Its new and growing navy and diplomatic heritage could have functioned either as a burden or an asset in Turkish efforts to promote regional cooperation in the 1930s. To start with, reorganization of its navy under German instruction and the acquisition of modern naval units were regarded as early indications of Turkey’s aggressive intentions or revisionist foreign policy. Turkey’s participation after 1928 in international disarmament conferences did not initially help Ankara turn its image around either. Indeed, its vocal support to Soviet views on disarmament produced just the opposite effect.432

For instance, in March 1928, at the fifth session of the Preparatory Commission, the Soviets submitted a proposal that called for universal disarmament. The proposal drew severe criticism from all but two delegates. Only the Germans and the Turks supported the Soviet proposal.433 On his return to Moscow, Litvinov, the Soviet delegate at the Geneva talks, singled out these two countries’ delegates in his oral report to the Soviet Central Executive Committee. While he assigned a “special place” to the German delegation, the Turkish delegation was commended for the “considerable support” they lent to the Soviet proposal.434

Turkish support to the Soviets proposal was merely tactically motivated. Turkish diplomats who studied it concluded that it did not stand any chance of approval. Ankara thus decided to pay lip-service to the Soviet proposal for the sake of Turkish-Soviet relations.

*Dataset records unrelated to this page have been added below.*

(* For every integer $s\geqslant2$, \[P(B_{3,s,3})=-\sum_{\mathrm S_1,\mathrm S_2,\mathrm S_3}(-1)^{\#\mathrm S_1+\#\mathrm S_2+\#\mathrm S_3}\,2^{-|T_1|}\,4^{-|T_{2-3}|},\] where the sum is over all ordered triples of nonempty sets of pairwise distinct paths from the centre to the boundary. The sets $T_1$, $T_{2-3}$, the notation $\#\mathrm S$ and the event $B_{3,s,3}$ are defined in the context.
   Context: Consider the tiling of the plane by regular hexagons of side $1$, called cells. For an integer $s\geqslant2$, fix a cell $O$. Let $M_s$ be the set of all cells lying inside the regular hexagon that is centred at the centre of $O$, has sides of length $s\sqrt3$, and has its sides perpendicular to sides of the cells. The set $M_s$ has $m+1=1+3s(s-1)$ cells. Number the cells other than $O$ as $v_1,\dots,v_m$. Two cells are neighbours if they share a side. A cell of $M_s$ is a boundary cell if it has fewer than six neighbours in $M_s$. A path from the centre to the boundary is a sequence of pairwise distinct cells $v_{j_1},\dots,v_{j_t}$ with the following properties: - $v_{j_1}$ is a neighbour of $O$; - $v_{j_l}$ and $v_{j_{l+1}}$ are neighbours for each $l$; - $v_{j_t}$ is a boundary cell. For a nonempty set $\mathrm S=\{s_1,\dots,s_k\}$ of pairwise distinct paths, define $\#\mathrm S=k$ and $\mathrm{Cells}(\mathrm S)=s_1\cup\dots\cup s_k$, the set of cells used. For a triple $(\mathrm S_1,\mathrm S_2,\mathrm S_3)$: - $T_1$ is the set of cells belonging to exactly one of $\mathrm{Cells}(\mathrm S_1),\mathrm{Cells}(\mathrm S_2),\mathrm{Cells}(\mathrm S_3)$; - $T_{2-3}$ is the set of cells belonging to at least two of them. Let $\Omega_{3,s}$ be the set of triples $(f_1,f_2,f_3)$ of functions $\{v_1,\dots,v_m\}\to\{0,1\}$ with $f_1+f_2+f_3\equiv1\pmod2$ at every cell, with the uniform probability measure. Fluid $i$ flows if some path from the centre to the boundary has $f_i=1$ on all its cells. $B_{3,s,3}$ is the event that all three fluids flow. *)

theory Defs
  imports "HOL-Probability.Probability"
begin

text \<open>Hexagonal cells in axial coordinates; the cell O is (0,0).\<close>
type_synonym cell = "int \<times> int"

definition hexdist :: "cell \<Rightarrow> int" where
  "hexdist c = max \<bar>fst c\<bar> (max \<bar>snd c\<bar> \<bar>fst c + snd c\<bar>)"

definition nbr :: "cell \<Rightarrow> cell \<Rightarrow> bool" where
  "nbr a b \<longleftrightarrow> (fst a - fst b, snd a - snd b) \<in>
     {(1,0), (-1,0), (0,1), (0,-1), (1,-1), (-1,1)}"

definition origin :: cell where "origin = (0, 0)"

definition Ms :: "nat \<Rightarrow> cell set" where
  "Ms s = {c. hexdist c \<le> int s - 1}"

definition Vs :: "nat \<Rightarrow> cell set" where
  "Vs s = Ms s - {origin}"

definition boundary :: "nat \<Rightarrow> cell set" where
  "boundary s = {c \<in> Ms s. card {d \<in> Ms s. nbr c d} < 6}"

definition paths :: "nat \<Rightarrow> cell list set" where
  "paths s = {p. p \<noteq> [] \<and> distinct p \<and> set p \<subseteq> Vs s \<and> nbr origin (hd p)
      \<and> (\<forall>i. Suc i < length p \<longrightarrow> nbr (p ! i) (p ! Suc i))
      \<and> last p \<in> boundary s}"

definition Cells :: "cell list set \<Rightarrow> cell set" where
  "Cells S = (\<Union>p\<in>S. set p)"

definition mult3 :: "cell set \<Rightarrow> cell set \<Rightarrow> cell set \<Rightarrow> cell \<Rightarrow> nat" where
  "mult3 A B C c = of_bool (c \<in> A) + of_bool (c \<in> B) + of_bool (c \<in> C)"

definition T1 :: "cell list set \<Rightarrow> cell list set \<Rightarrow> cell list set \<Rightarrow> cell set" where
  "T1 S1 S2 S3 = {c. mult3 (Cells S1) (Cells S2) (Cells S3) c = 1}"

definition T23 :: "cell list set \<Rightarrow> cell list set \<Rightarrow> cell list set \<Rightarrow> cell set" where
  "T23 S1 S2 S3 = {c. mult3 (Cells S1) (Cells S2) (Cells S3) c \<ge> 2}"

text \<open>Omega_{3,s}: triples of 0/1-functions on v_1..v_m (extended by False outside)
  with f1 + f2 + f3 odd at every cell.\<close>
definition Omega3 :: "nat \<Rightarrow> ((cell \<Rightarrow> bool) \<times> (cell \<Rightarrow> bool) \<times> (cell \<Rightarrow> bool)) set" where
  "Omega3 s = {(f1, f2, f3).
      (\<forall>c. c \<notin> Vs s \<longrightarrow> \<not> f1 c \<and> \<not> f2 c \<and> \<not> f3 c)
    \<and> (\<forall>c\<in>Vs s. odd (of_bool (f1 c) + of_bool (f2 c) + of_bool (f3 c) :: nat))}"

definition flows :: "nat \<Rightarrow> (cell \<Rightarrow> bool) \<Rightarrow> bool" where
  "flows s f \<longleftrightarrow> (\<exists>p\<in>paths s. \<forall>c\<in>set p. f c)"

definition B333 :: "nat \<Rightarrow> ((cell \<Rightarrow> bool) \<times> (cell \<Rightarrow> bool) \<times> (cell \<Rightarrow> bool)) set" where
  "B333 s = {(f1, f2, f3) \<in> Omega3 s. flows s f1 \<and> flows s f2 \<and> flows s f3}"

end

theory Submission
  imports Defs
begin

text \<open>
  By inclusion-exclusion over the nonempty sets S of paths, the indicator that fluid i flows is
  -(\<Sum>S. (-1)^#S [Cells S \<subseteq> {f_i = 1}]). Multiplying the three expansions and averaging
  over Omega_{3,s} leaves the probability that each fluid i is present on a prescribed cell set A_i.
  Under the uniform measure the value triples (f_1 c, f_2 c, f_3 c) at distinct cells are
  independent and uniform on the four triples with odd sum, so this probability is a product over
  cells: a cell demanded by no fluid contributes 1, by exactly one fluid 1/2, and by two or three
  fluids 1/4, since then only (1,1,1) remains.
\<close>

lemma prod_of_bool:
  "finite A \<Longrightarrow> (\<Prod>x\<in>A. of_bool (P x)) = (of_bool (\<forall>x\<in>A. P x) :: 'a::comm_semiring_1)"
  by (induction A rule: finite_induct) auto

lemma of_bool_Bex_inclusion_exclusion:
  assumes "finite A"
  shows "(of_bool (\<exists>x\<in>A. P x) :: 'a::comm_ring_1) =
    - (\<Sum>X\<in>Pow A - {{}}. (-1) ^ card X * of_bool (\<forall>x\<in>X. P x))"
proof -
  have "(of_bool (\<exists>x\<in>A. P x) :: 'a) = 1 - of_bool (\<forall>x\<in>A. \<not> P x)"
    by (simp add: of_bool_not_iff)
  also have "\<dots> = 1 - (\<Prod>x\<in>A. - of_bool (P x) + 1)"
    by (simp add: prod_of_bool[OF assms, symmetric] of_bool_not_iff)
  also have "\<dots> = 1 - (\<Sum>X\<in>Pow A. (\<Prod>x\<in>X. - of_bool (P x)) * (\<Prod>x\<in>A - X. 1))"
    by (simp only: prod_add[OF assms])
  also have "\<dots> = 1 - (\<Sum>X\<in>Pow A. (-1) ^ card X * of_bool (\<forall>x\<in>X. P x))"
    using assms by (intro arg_cong2[where f = minus] sum.cong refl)
      (simp add: prod_uminus prod_of_bool finite_subset)
  also have "\<dots> = 1 - (1 + (\<Sum>X\<in>Pow A - {{}}. (-1) ^ card X * of_bool (\<forall>x\<in>X. P x)))"
    using assms by (subst sum.remove[of _ "{}"]) (simp_all del: sum_mult_of_bool_eq)
  finally show ?thesis
    by simp
qed

lemma sum_product3:
  "sum f A * sum g B * sum h C =
    (\<Sum>(a, b, c) \<in> A \<times> B \<times> C. f a * g b * h c :: 'a::comm_semiring_0)"
  by (subst mult.assoc) (simp only: sum_product sum.cartesian_product mult.assoc split_def)

lemma prod_if_eq_power:
  "finite A \<Longrightarrow> {x. P x} \<subseteq> A \<Longrightarrow> (\<Prod>x\<in>A. if P x then a else 1) = a ^ card {x. P x}"
  by (simp add: prod.If_cases Int_absorb1)

definition unzip3 :: "('a \<Rightarrow> 'b \<times> 'c \<times> 'd) \<Rightarrow> ('a \<Rightarrow> 'b) \<times> ('a \<Rightarrow> 'c) \<times> ('a \<Rightarrow> 'd)" where
  "unzip3 g = ((\<lambda>x. fst (g x)), (\<lambda>x. fst (snd (g x))), (\<lambda>x. snd (snd (g x))))"

lemma inj_unzip3: "inj unzip3"
  by (rule injI) (auto simp: unzip3_def fun_eq_iff prod_eq_iff)

lemma finite_Vs: "finite (Vs s)"
proof (rule finite_subset)
  show "Vs s \<subseteq> {-int s..int s} \<times> {-int s..int s}"
    by (auto simp: Vs_def Ms_def hexdist_def)
qed simp

lemma finite_paths: "finite (paths s)"
proof (rule finite_subset)
  show "paths s \<subseteq> {p. set p \<subseteq> Vs s \<and> distinct p}"
    by (auto simp: paths_def)
qed (rule finite_subset_distinct[OF finite_Vs])

lemma Cells_subset_Vs: "S \<subseteq> paths s \<Longrightarrow> Cells S \<subseteq> Vs s"
  by (auto simp: Cells_def paths_def)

Ankara’s initial diplomatic position on the international disarmament was as unrealistic and untenable as the Soviet proposal itself. It was masterminded by Foreign Minister Tevfik Rüştü Aras with the possible approval of President Atatürk and Prime Minister İnönü. It was grounded in the belief that the principle of legal equality of states would eventually evolve into their political equality as well. Aras, hence, built Turkey’s position around the idea of equalization of armaments for all countries 435

The Soviet proposal for total disarmament was finally included in the agenda of the Preparatory Commission on 15 April 1929. Revised and amended in the meantime, the proposal in broad terms called for a) reduction, rather than limitation, of armaments; b) proportional reduction of all categories of armaments; and c) abolition of offensive armaments, i.e. primarily aircraft, tanks and long-range artillery. When a vote was about to be taken to kill the Soviet proposal, the Turkish representative tabled a resolution that added a new lease of life to it.436 It has been concluded that “The Turkish delegate apparently thought these principles were basically sound, but he was prepared to acquiesce in shelving the Soviet plan if the Turkish proposal [calling for equalizing armaments for all countries] was discussed”.437

Also in 1929, Turkey lent support to another Soviet initiative. It was meant to normalize rather than to complicate its international status. In view of the delays in the Kellogg-Briand Pact’s ratification by various signatories, Soviet Foreign Commissar Litvinov proposed a protocol to bring the pact into immediate operation. Such a special protocol was signed on 9 February 1929 by Estonia, Latvia, Poland, Romania and the Soviet Union. It was open to other countries’ accession too, and so Turkey, Persia and Danzig subsequently acquiesced to the Protocol and thus to the Kellogg-Briand Pact.438

Others step towards international normalization followed the signing of the Soviet-sponsored protocol. Until the early 1930s, Ankara did little, if any, faith in the principle of collective security or other types of comprehensive arrangements for international security. Regional arrangements were preferred over global ones. The former would incrementally prepare the groundwork for the latter.439 By the same token, Turkey had not yet been a party to any general disarmament or naval limitation treaty. However, it signed naval protocols with its two neighbors, Greece and the Soviet Union in 1930 and 1931 respectively. Those were regional protocols concluded in the spirit of international disarmament. They ushered in a period of naval holidays in the Aegean and the Black Sea. In other words, Turkey committed itself not to seek further expansion of its naval forces without notifying its two neighbors well in advance. Cable suggests that Soviet practice of gunboat diplomacy against Turkey in 1929 played a catalyst role in the conclusion of the Soviet-Turkish Naval Protocol of 1931.440 The Turkish-Soviet naval protocol was significant in that offensive plans or measures against the Soviets were dropped from the agenda until the second half of the 1930s.441 The naval protocol with Greece was more significant than the protocol with the Soviets. It was a confirmation that they did not harbor aggressive or expansionist motives against each other. By extension, both countries were pro-status quo powers that refused to be locked in a costly naval arms race that could trigger a new war in and over the Aegean.442 These protocols in a way helped Turkey reverse its previous image as a potential revisionist power due mostly to its efforts for naval building.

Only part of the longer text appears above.